#### Task material

(*
  Both solutions are compared with explicit barriers built from the free transport
  w_t + w_x = 0 and its viscous version w_t + w_x = eps w_xx.

  For the inviscid problem, F p >= p - (1 - 1/m) on [0, 1] (the tangent of p^m/m at p = 1),
  so the transported ramp max (x - t + 1) 0 + (1 - 1/m) t, which dominates g initially and
  has slopes in [0, 1], is a supersolution: u (0, 1) <= 1 - 1/m.

  For the viscous problem, F p <= p on [-1, 1], so the heat-flow evolution of
  (x + 1)^+ - 2 x^+ <= g, transported with unit speed, is a subsolution. It is an explicit
  Gaussian average, and at (0, 1) the Mills ratio bounds for the normal tail give
  u^eps (0, 1) >= (1 - 1/e) sqrt (eps / pi) = 2 c sqrt eps with c = (e - 1) / (2 sqrt pi e),
  whereas u (0, 1) <= 1 - 1/m <= c sqrt eps by assumption.

  The comparison with the viscosity solutions only uses the definitions: the barriers are made
  coercive by a small multiple of sqrt (1 + x^2) and the difference is penalised by
  K exp (l t), which moves a positive maximum into the open strip, where the sign of the
  penalty's time derivative contradicts the viscosity inequality.
*)

theory Submission
  imports Defs "HOL-Probability.Distributions" "HOL-Real_Asymp.Real_Asymp"
begin

section \<open>The error function and the standard normal distribution\<close>

definition erf :: "real \<Rightarrow> real" where
  "erf x = 2 / sqrt pi * (LBINT s=0..x. exp (- s\<^sup>2))"

lemma has_real_derivative_erf: "(erf has_real_derivative 2 / sqrt pi * exp (- x\<^sup>2)) (at x)"
proof -
  let ?I = "{-\<bar>x\<bar> - 1..\<bar>x\<bar> + 1}"
  have "continuous_on ?I (\<lambda>s. exp (- s\<^sup>2))"
    by (intro continuous_intros)
  then have "((\<lambda>y. LBINT s=ereal 0..ereal y. exp (- s\<^sup>2)) has_vector_derivative exp (- x\<^sup>2))
      (at x within ?I)"
    by (rule interval_integral_FTC2[rotated 2]) auto
  then have "((\<lambda>y. LBINT s=0..y. exp (- s\<^sup>2)) has_real_derivative exp (- x\<^sup>2)) (at x within ?I)"
    by (simp add: has_real_derivative_iff_has_vector_derivative zero_ereal_def)
  moreover have "x \<in> interior ?I"
    by auto
  ultimately have "((\<lambda>y. LBINT s=0..y. exp (- s\<^sup>2)) has_real_derivative exp (- x\<^sup>2)) (at x)"
    by (metis at_within_interior)
  then show ?thesis
    unfolding erf_def[abs_def] by (rule DERIV_cmult)
qed

lemmas has_real_derivative_erf_chain[derivative_intros] = has_real_derivative_erf[THEN DERIV_chain2]

lemma erf_0 [simp]: "erf 0 = 0"
  by (simp add: erf_def zero_ereal_def)

lemma erf_minus: "erf (- x) = - erf x"
proof -
  have "\<forall>y. ((\<lambda>x. erf (- x) + erf x) has_real_derivative 0) (at y)"
    by (auto intro!: derivative_eq_intros)
  from DERIV_isconst_all[OF this, of x 0] show ?thesis
    by simp
qed

lemma erf_strict_mono: "strict_mono erf"
proof (rule strict_monoI)
  fix x y :: real
  assume "x < y"
  then show "erf x < erf y"
  proof (rule DERIV_pos_imp_increasing)
    fix t :: real
    show "\<exists>d. (erf has_real_derivative d) (at t) \<and> 0 < d"
      using has_real_derivative_erf[of t] by auto
  qed
qed

lemma tendsto_gaussian_integral_Icc:
  "(\<lambda>n. LINT s|lborel. indicator {0..real n} s * exp (- s\<^sup>2)) \<longlonglongrightarrow> sqrt pi / 2"
proof -
  let ?f = "\<lambda>s. indicator {0..} s * exp (- s\<^sup>2) :: real"
  have "(\<lambda>n. LINT s|lborel. indicator {0..real n} s * exp (- s\<^sup>2)) \<longlonglongrightarrow> integral\<^sup>L lborel ?f"
  proof (rule integral_dominated_convergence[where w = ?f])
    show "integrable lborel ?f"
      using gaussian_moment_0 by (simp add: has_bochner_integral_iff)
    show "AE s in lborel. (\<lambda>n. indicator {0..real n} s * exp (- s\<^sup>2)) \<longlonglongrightarrow> ?f s"
    proof (intro AE_I2 tendsto_eventually)
      fix s :: real
      show "\<forall>\<^sub>F n in sequentially. indicator {0..real n} s * exp (- s\<^sup>2) = ?f s"
        using eventually_ge_at_top[of "nat \<lceil>s\<rceil>"]
      proof eventually_elim
        case (elim n)
        then have "s \<le> real n"
          using real_nat_ceiling_ge[of s] by linarith
        then show ?case
          by (simp add: indicator_def)
      qed
    qed
    show "(\<lambda>s. indicator {0..real n} s * exp (- s\<^sup>2)) \<in> borel_measurable lborel" for n :: nat
      by measurable
    show "?f \<in> borel_measurable lborel"
      by measurable
    show "AE s in lborel. norm (indicator {0..real n} s * exp (- s\<^sup>2)) \<le> ?f s" for n :: nat
      by (intro AE_I2) (simp add: indicator_def)
  qed
  then show ?thesis
    using gaussian_moment_0 by (simp add: has_bochner_integral_integral_eq)
qed

lemma tendsto_erf_at_top: "(erf \<longlongrightarrow> 1) at_top"
proof (rule tendsto_at_topI_sequentially_real)
  show "mono erf"
    using erf_strict_mono by (rule strict_mono_mono)
  have integral_eq: "LINT s|lborel. indicator {0..real n} s * exp (- s\<^sup>2) = sqrt pi / 2 * erf (real n)"
    for n
  proof -
    have "(LBINT s=0..real n. exp (- s\<^sup>2)) = (LBINT s:{0..real n}. exp (- s\<^sup>2))"
      unfolding zero_ereal_def by (rule interval_integral_Icc) simp
    then show ?thesis
      by (simp add: erf_def set_lebesgue_integral_def)
  qed
  from tendsto_gaussian_integral_Icc have "(\<lambda>n. sqrt pi / 2 * erf (real n)) \<longlonglongrightarrow> sqrt pi / 2"
    by (simp only: integral_eq)
  from tendsto_mult_left[OF this, of "2 / sqrt pi"] show "(\<lambda>n. erf (real n)) \<longlonglongrightarrow> 1"
    by simp
qed

lemma erf_less_1: "erf x < 1"
proof -
  have "erf x < erf (x + 1)"
    using erf_strict_mono by (simp add: strict_mono_less)
  also have "erf (x + 1) \<le> 1"
  proof (rule tendsto_lowerbound[OF tendsto_erf_at_top])
    show "\<forall>\<^sub>F y in at_top. erf (x + 1) \<le> erf y"
      using eventually_ge_at_top[of "x + 1"]
      by eventually_elim (simp add: strict_mono_less_eq[OF erf_strict_mono])
  qed simp
  finally show ?thesis .
qed

lemma abs_erf_less_1: "\<bar>erf x\<bar> < 1"
  using erf_less_1[of x] erf_less_1[of "- x"] by (simp add: erf_minus)

definition std_normal_cdf :: "real \<Rightarrow> real" where
  "std_normal_cdf x = (1 + erf (x / sqrt 2)) / 2"

lemma has_real_derivative_std_normal_cdf:
  "(std_normal_cdf has_real_derivative std_normal_density x) (at x)"
proof -
  have sqrt_2: "sqrt 2 * exp e / (2 * sqrt pi) = exp e / (sqrt pi * sqrt 2)" for e
    by (metis divide_divide_eq_left divide_divide_eq_left' numeral_Bit0_eq_double
        real_divide_square_eq real_sqrt_four real_sqrt_mult)
  have "(std_normal_cdf has_real_derivative exp (- (x / sqrt 2)\<^sup>2) / (sqrt pi * sqrt 2)) (at x)"
    unfolding std_normal_cdf_def[abs_def] by (auto intro!: derivative_eq_intros simp: sqrt_2)
  moreover have "exp (- (x / sqrt 2)\<^sup>2) / (sqrt pi * sqrt 2) = std_normal_density x"
    by (simp add: std_normal_density_def power_divide real_sqrt_mult mult.commute)
  ultimately show ?thesis
    by simp
qed

lemma has_real_derivative_std_normal_density:
  "(std_normal_density has_real_derivative - x * std_normal_density x) (at x)"
  unfolding std_normal_density_def[abs_def]
  by (auto intro!: derivative_eq_intros simp: field_simps)

lemmas has_real_derivative_std_normal_cdf_chain[derivative_intros] =
  has_real_derivative_std_normal_cdf[THEN DERIV_chain2]
lemmas has_real_derivative_std_normal_density_chain[derivative_intros] =
  has_real_derivative_std_normal_density[THEN DERIV_chain2]

lemmas has_derivative_std_normal_cdf[derivative_intros] =
  has_real_derivative_std_normal_cdf[THEN DERIV_compose_FDERIV]
lemmas has_derivative_std_normal_density[derivative_intros] =
  has_real_derivative_std_normal_density[THEN DERIV_compose_FDERIV]

lemma continuous_on_std_normal_cdf [continuous_intros]:
  "continuous_on S f \<Longrightarrow> continuous_on S (\<lambda>x. std_normal_cdf (f x))"
  by (rule continuous_on_compose2[of UNIV, OF DERIV_continuous_on[OF has_real_derivative_std_normal_cdf]]) auto
(* Let $L_1,L_2,L_3$ be three lines in $\mathbb{R}^2$ and let $\Delta$ be a (2-dimensional) cell of their arrangement, i.e. a connected component of $\mathbb{R}^2\setminus(L_1\cup L_2\cup L_3)$. For $i=1,2,3$ let $L_i^-$ and $L_i^+$ be the two open halfplanes of $\mathbb{R}^2\setminus L_i$, labeled so that $\Delta\subset L_i^-$. Suppose that each $L_i$ contains a boundary edge $e_i$ of $\Delta$, and that $e_1,e_2,e_3$ appear in this clockwise order along the boundary of $\Delta$. Then for every convex set $K$ that meets all three edges $e_1,e_2,e_3$, and every point $p\in K\cap L_1^+\cap L_2^-\cap L_3^-$, the segment connecting the point $L_2\cap L_3$ to $p$ crosses $L_1$ at a point of the interval $K\cap L_1$. *)

theory Defs
  imports "HOL-Analysis.Analysis"
begin

definition line_of :: "real^2 \<Rightarrow> real \<Rightarrow> (real^2) set" where
  "line_of a b = {x. a \<bullet> x = b}"

definition lower_half :: "real^2 \<Rightarrow> real \<Rightarrow> (real^2) set" where
  "lower_half a b = {x. a \<bullet> x < b}"

definition upper_half :: "real^2 \<Rightarrow> real \<Rightarrow> (real^2) set" where
  "upper_half a b = {x. a \<bullet> x > b}"

text \<open>2D cross product (determinant); positive means counterclockwise.\<close>
definition cross2 :: "real^2 \<Rightarrow> real^2 \<Rightarrow> real" where
  "cross2 u v = u$1 * v$2 - u$2 * v$1"

text \<open>A (closed) boundary edge of the cell D lying on the line L: the part of
  the boundary of D on L, required to be one-dimensional (more than one point).\<close>
definition boundary_edge :: "(real^2) set \<Rightarrow> (real^2) set \<Rightarrow> (real^2) set \<Rightarrow> bool" where
  "boundary_edge D L e \<longleftrightarrow> e = frontier D \<inter> L \<and> (\<exists>x y. x \<in> e \<and> y \<in> e \<and> x \<noteq> y)"

text \<open>The edges e1, e2, e3 appear in this clockwise order along the boundary of D:
  there is a simple arc in the boundary of D, traversed clockwise (i.e. turning
  clockwise around a point of D), which meets e1, then e2, then e3.\<close>
definition clockwise_along_boundary ::
  "(real^2) set \<Rightarrow> (real^2) set \<Rightarrow> (real^2) set \<Rightarrow> (real^2) set \<Rightarrow> bool" where
  "clockwise_along_boundary D e1 e2 e3 \<longleftrightarrow>
     (\<exists>\<gamma> t1 t2 t3 c.
        path \<gamma> \<and> inj_on \<gamma> {0..1} \<and> path_image \<gamma> \<subseteq> frontier D \<and>
        0 \<le> t1 \<and> t1 < t2 \<and> t2 < t3 \<and> t3 \<le> 1 \<and>
        \<gamma> t1 \<in> e1 \<and> \<gamma> t2 \<in> e2 \<and> \<gamma> t3 \<in> e3 \<and>
        c \<in> D \<and>
        (\<forall>t\<in>{0..<1}. \<forall>\<^sub>F s in at_right t. cross2 (\<gamma> t - c) (\<gamma> s - c) < 0))"

end

theory Submission
  imports Defs
begin

text \<open>Write \<open>s\<^sub>i x = b\<^sub>i - a\<^sub>i \<bullet> x\<close>; the closure of the cell D satisfies \<open>s\<^sub>i \<ge> 0\<close>.
  Since L2 and L3 cross at q, \<open>s1 = s1 q + k2 s2 + k3 s3\<close> for suitable \<open>k2, k3\<close>.
  The heart of the matter is that q lies strictly on D's side of L1.  Otherwise the two edges on
  L2 and L3 force \<open>k2, k3 > 0\<close>, so D is the unbounded region cut off by the segment on L1, and
  along its boundary the function \<open>s2 - s3\<close> is injective and increases through the pieces on L2,
  L1 and L3 in this order; a simple boundary arc meeting e1, e2, e3 in this order would make the
  continuous injective \<open>s2 - s3\<close> non-monotone.
  Once q is on D's side of L1, a point x2 of K on e2 and x3 of K on e3 lie on opposite sides of the
  ray from q through p, so \<open>[x2, x3] \<subseteq> K\<close> meets that ray in a point w, which lies in the closed
  halfplane of L1 containing q.  The crossing of \<open>[q, p]\<close> with L1 then lies in \<open>[w, p] \<subseteq> K\<close>.\<close>

lemma inner_vec2: "(a::real^2) \<bullet> x = a$1 * x$1 + a$2 * x$2"
  by (simp add: inner_vec_def sum_2)

lemma cross2_inner_identity:
  "cross2 a2 a3 * (a1 \<bullet> x) = cross2 a1 a3 * (a2 \<bullet> x) + cross2 a2 a1 * (a3 \<bullet> x)"
  by (simp add: inner_vec2 cross2_def algebra_simps)

lemma eq_if_inner_eq_cross2_nonzero:
  fixes a2 a3 x y :: "real^2"
  assumes "cross2 a2 a3 \<noteq> 0" "a2 \<bullet> x = a2 \<bullet> y" "a3 \<bullet> x = a3 \<bullet> y"
  shows "x = y"
proof -
  have "cross2 a2 a3 * ((x - y) \<bullet> (x - y)) = 0"
    using cross2_inner_identity[of a2 a3 "x - y" "x - y"] assms(2,3)
    by (simp add: inner_diff_right)
  then show ?thesis using assms(1) by simp
qed

lemma cross2_nonzero_if_lines_meet_in_point:
  fixes a2 a3 q :: "real^2"
  assumes "a2 \<noteq> 0" "line_of a2 b2 \<inter> line_of a3 b3 = {q}"
  shows "cross2 a2 a3 \<noteq> 0"
proof
  assume cross: "cross2 a2 a3 = 0"
  define d :: "real^2" where "d = vector [- a2$2, a2$1]"
  have "d \<bullet> d = a2 \<bullet> a2"
    by (simp add: d_def inner_vec2 algebra_simps)
  then have "d \<noteq> 0" using assms(1) by auto
  have "a2 \<bullet> d = 0" "a3 \<bullet> d = 0"
    using cross by (simp_all add: d_def inner_vec2 cross2_def algebra_simps)
  moreover have "a2 \<bullet> q = b2" "a3 \<bullet> q = b3" using assms(2) by (auto simp: line_of_def)
  ultimately have "q + d \<in> line_of a2 b2 \<inter> line_of a3 b3"
    by (simp add: line_of_def inner_add_right)
  then show False using assms(2) \<open>d \<noteq> 0\<close> by auto
qed

lemma line_of_eq_if_affine_multiple:
  fixes a a' :: "real^2"
  assumes "a \<noteq> 0" "\<And>x. b - a \<bullet> x = k * (b' - a' \<bullet> x)"
  shows "line_of a b = line_of a' b'"
proof -
  have "k \<noteq> 0"
  proof
    assume "k = 0"
    then have on_line: "a \<bullet> x = b" for x using assms(2)[of x] by simp
    have "a \<bullet> a = 0" using on_line[of 0] on_line[of a] by simp
    then show False using assms(1) by simp
  qed
  then have "a \<bullet> x = b \<longleftrightarrow> a' \<bullet> x = b'" for x
    using assms(2)[of x] by (metis eq_iff_diff_eq_0 mult_eq_0_iff)
  then show ?thesis unfolding line_of_def by blast
qed

lemma boundary_coordinates_determined_by_difference:
  fixes k2 k3 m u v u' v' :: real
  assumes k: "k2 > 0" "k3 > 0"
    and "0 \<le> u" "0 \<le> v" "0 \<le> m + k2 * u + k3 * v" "u = 0 \<or> v = 0 \<or> m + k2 * u + k3 * v = 0"
    and "0 \<le> u'" "0 \<le> v'" "0 \<le> m + k2 * u' + k3 * v'" "u' = 0 \<or> v' = 0 \<or> m + k2 * u' + k3 * v' = 0"
    and "u - v = u' - v'"
  shows "u = u' \<and> v = v'"
proof -
  have le: "x' \<le> x"
    if "0 \<le> m + k2 * x + k3 * y" "0 \<le> x" "0 \<le> y"
      "x' = 0 \<or> y' = 0 \<or> m + k2 * x' + k3 * y' = 0" "x - y = x' - y'"
    for x y x' y' :: real
  proof (rule ccontr)
    assume "\<not> x' \<le> x"
    then have d: "x' - x > 0" by simp
    then have "m + k2 * x' + k3 * y' = 0" using that by auto
    moreover have "(k2 + k3) * (x' - x) > 0" using k d by simp
    moreover have "m + k2 * x + k3 * y = m + k2 * x' + k3 * y' - (k2 + k3) * (x' - x)"
      using that(5) by algebra
    ultimately have "m + k2 * x + k3 * y < 0" by simp
    then show False using that(1) by simp
  qed
  show ?thesis using le[of u v u' v'] le[of u' v' u v] assms by auto
qed
(* Assume (A1)–(A4) and that for every $K\ge1$, $0<H(P^\star|\Pi_{K+1})<H(P^\star|\Pi_K)$. Then $P^\star\notin\Pi_\infty$ and, $P^\star$-a.s., $\liminf_{n\to\infty}\widehat K_n^L=\liminf_{n\to\infty}\widehat K_n^G=\infty$ (here $\widehat K_n^G$ is the smallest maximizer of $K\mapsto \mathrm{crit}(n,K)$ over all $K\ge1$).
   Context: Setting: $(\mathcal Z,\mathcal F)$ is a Polish space with its Borel $\sigma$-field and $\mu$ a $\sigma$-finite measure on it. $Z_1,Z_2,\dots$ are i.i.d. $\mathcal Z$-valued random variables with common law $P^\star\ll\mu$, density $p^\star$, $\ell^\star=\log p^\star$; $P^\star$ also denotes the law of the whole sequence. $\{(\Theta_K,d)\}_{K\ge1}$ is an increasing (nested) sequence of metric spaces, $\Theta_\infty=\bigcup_K\Theta_K$; for $\theta\in\Theta_\infty$, $P_\theta$ is a probability measure with density $p_\theta$ w.r.t. $\mu$ and $\ell_\theta=\log p_\theta$. $\Pi_K=\{P_\theta:\theta\in\Theta_K\}$, $\Pi_\infty=\bigcup_K\Pi_K$. $H(P|Q)=\int\log(dP/dQ)\,dP$ if $P\ll Q$ and $+\infty$ otherwise; $H(P|\Pi)=\inf_{Q\in\Pi}H(P|Q)$. Given a penalty $\mathrm{pen}(n,K)>0$, $\mathrm{crit}(n,K)=\sup_{\theta\in\Theta_K}\sum_{i=1}^n\ell_\theta(Z_i)-\mathrm{pen}(n,K)$, $\widehat K_n^L=\inf\{K\ge1:\mathrm{crit}(n,K)\ge\mathrm{crit}(n,K+1)\}$. All suprema are assumed measurable. Standing assumptions: (A1) each $(\Theta_K,d)$ is compact and each $\Pi_K$ is compact for the weak topology; (A2) for each $z$ and $K$, $\theta\mapsto\ell_\theta(z)$ is continuous on $\Theta_K$; (A3) there are $l,u:\mathcal Z\to\mathbb R$ with $u-l\in L^1(P^\star)$, $l\le\ell^\star\le u$ and $l\le\ell_\theta\le u$ for all $\theta\in\Theta_\infty$; (A4) for each $n$, $\mathrm{pen}(n,\cdot)$ is increasing, and for each $K$, $\mathrm{pen}(n,K)\to\infty$ and $\mathrm{pen}(n,K)=o(n)$ as $n\to\infty$. *)

theory Defs
  imports "HOL-Probability.Probability"
begin
(* Let $n\geqslant1$, $N\in\mathbb{N}$, $\gamma\in\mathbb{R}\setminus\{0\}$, let $a_0,\ldots,a_n$ be holomorphic near $t=0$ with $a_n\equiv1$, and let $M(x,t,u_0,\ldots,u_n)=t^{-\mu}\widetilde M(x,t,u_0,\ldots,u_n)$, where $\mu\geqslant0$ is an integer and $\widetilde M$ is holomorphic near $0\in\mathbb{C}^{n+3}$ ($\mu$ is the pole order of $M$ at $t=0$). Assume that for every integer $k\geqslant1$ the polynomial $P_k(\lambda)=\sum_{j=0}^n a_j(0)(k+N+{\rm i}\gamma\lambda)^j$ has no integer roots. Let $\psi=\sum_{k=1}^\infty c_k(x^{{\rm i}\gamma})x^k$, with $c_k$ meromorphic at $t=0$, be a formal solution of $$\sum_{j=0}^n a_j(x^{{\rm i}\gamma})(\delta+N)^j u=x\,M(x,x^{{\rm i}\gamma},u,\delta u,\ldots,\delta^n u),\qquad\delta=x\frac{d}{dx}.$$ Then for every $k\geqslant1$, the pole order $\nu_k$ of $c_k(t)$ at $t=0$ satisfies $\nu_k\leqslant k\mu$.
   Context: $x^{{\rm i}\gamma}=e^{{\rm i}\gamma\ln x}$. On exotic series $\delta$ acts termwise by $\delta\bigl(p(x^{{\rm i}\gamma})x^k\bigr)=\bigl((k+{\rm i}\gamma\,t\tfrac{d}{dt})p\bigr)(x^{{\rm i}\gamma})x^k$; substitution into $M$ is formal. The pole order of $c_k$ is the integer $\nu_k$ with $c_k(t)=t^{-\nu_k}\cdot(\text{holomorphic function nonvanishing at }0)$ (negative if $c_k$ vanishes at $0$). *)

theory Defs
  imports "HOL-Complex_Analysis.Complex_Analysis" "HOL-Library.FuncSet"
begin

text \<open>The operator s + i*gamma*t*d/dt acting on a function of t.  Applied to the
  coefficient of x^k with s = k (+N), it realises delta (resp. delta + N) termwise.\<close>
definition dop :: "real \<Rightarrow> complex \<Rightarrow> (complex \<Rightarrow> complex) \<Rightarrow> (complex \<Rightarrow> complex)" where
  "dop \<gamma> s f = (\<lambda>t. s * f t + \<i> * complex_of_real \<gamma> * t * deriv f t)"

########

- Exercise brief:
From the first line of the entries above to the line with "K exp (l t), which", please return every line exactly, keeping both ends.

- Answer:
(*
  Both solutions are compared with explicit barriers built from the free transport
  w_t + w_x = 0 and its viscous version w_t + w_x = eps w_xx.

  For the inviscid problem, F p >= p - (1 - 1/m) on [0, 1] (the tangent of p^m/m at p = 1),
  so the transported ramp max (x - t + 1) 0 + (1 - 1/m) t, which dominates g initially and
  has slopes in [0, 1], is a supersolution: u (0, 1) <= 1 - 1/m.

  For the viscous problem, F p <= p on [-1, 1], so the heat-flow evolution of
  (x + 1)^+ - 2 x^+ <= g, transported with unit speed, is a subsolution. It is an explicit
  Gaussian average, and at (0, 1) the Mills ratio bounds for the normal tail give
  u^eps (0, 1) >= (1 - 1/e) sqrt (eps / pi) = 2 c sqrt eps with c = (e - 1) / (2 sqrt pi e),
  whereas u (0, 1) <= 1 - 1/m <= c sqrt eps by assumption.

  The comparison with the viscosity solutions only uses the definitions: the barriers are made
  coercive by a small multiple of sqrt (1 + x^2) and the difference is penalised by
  K exp (l t), which moves a positive maximum into the open strip, where the sign of the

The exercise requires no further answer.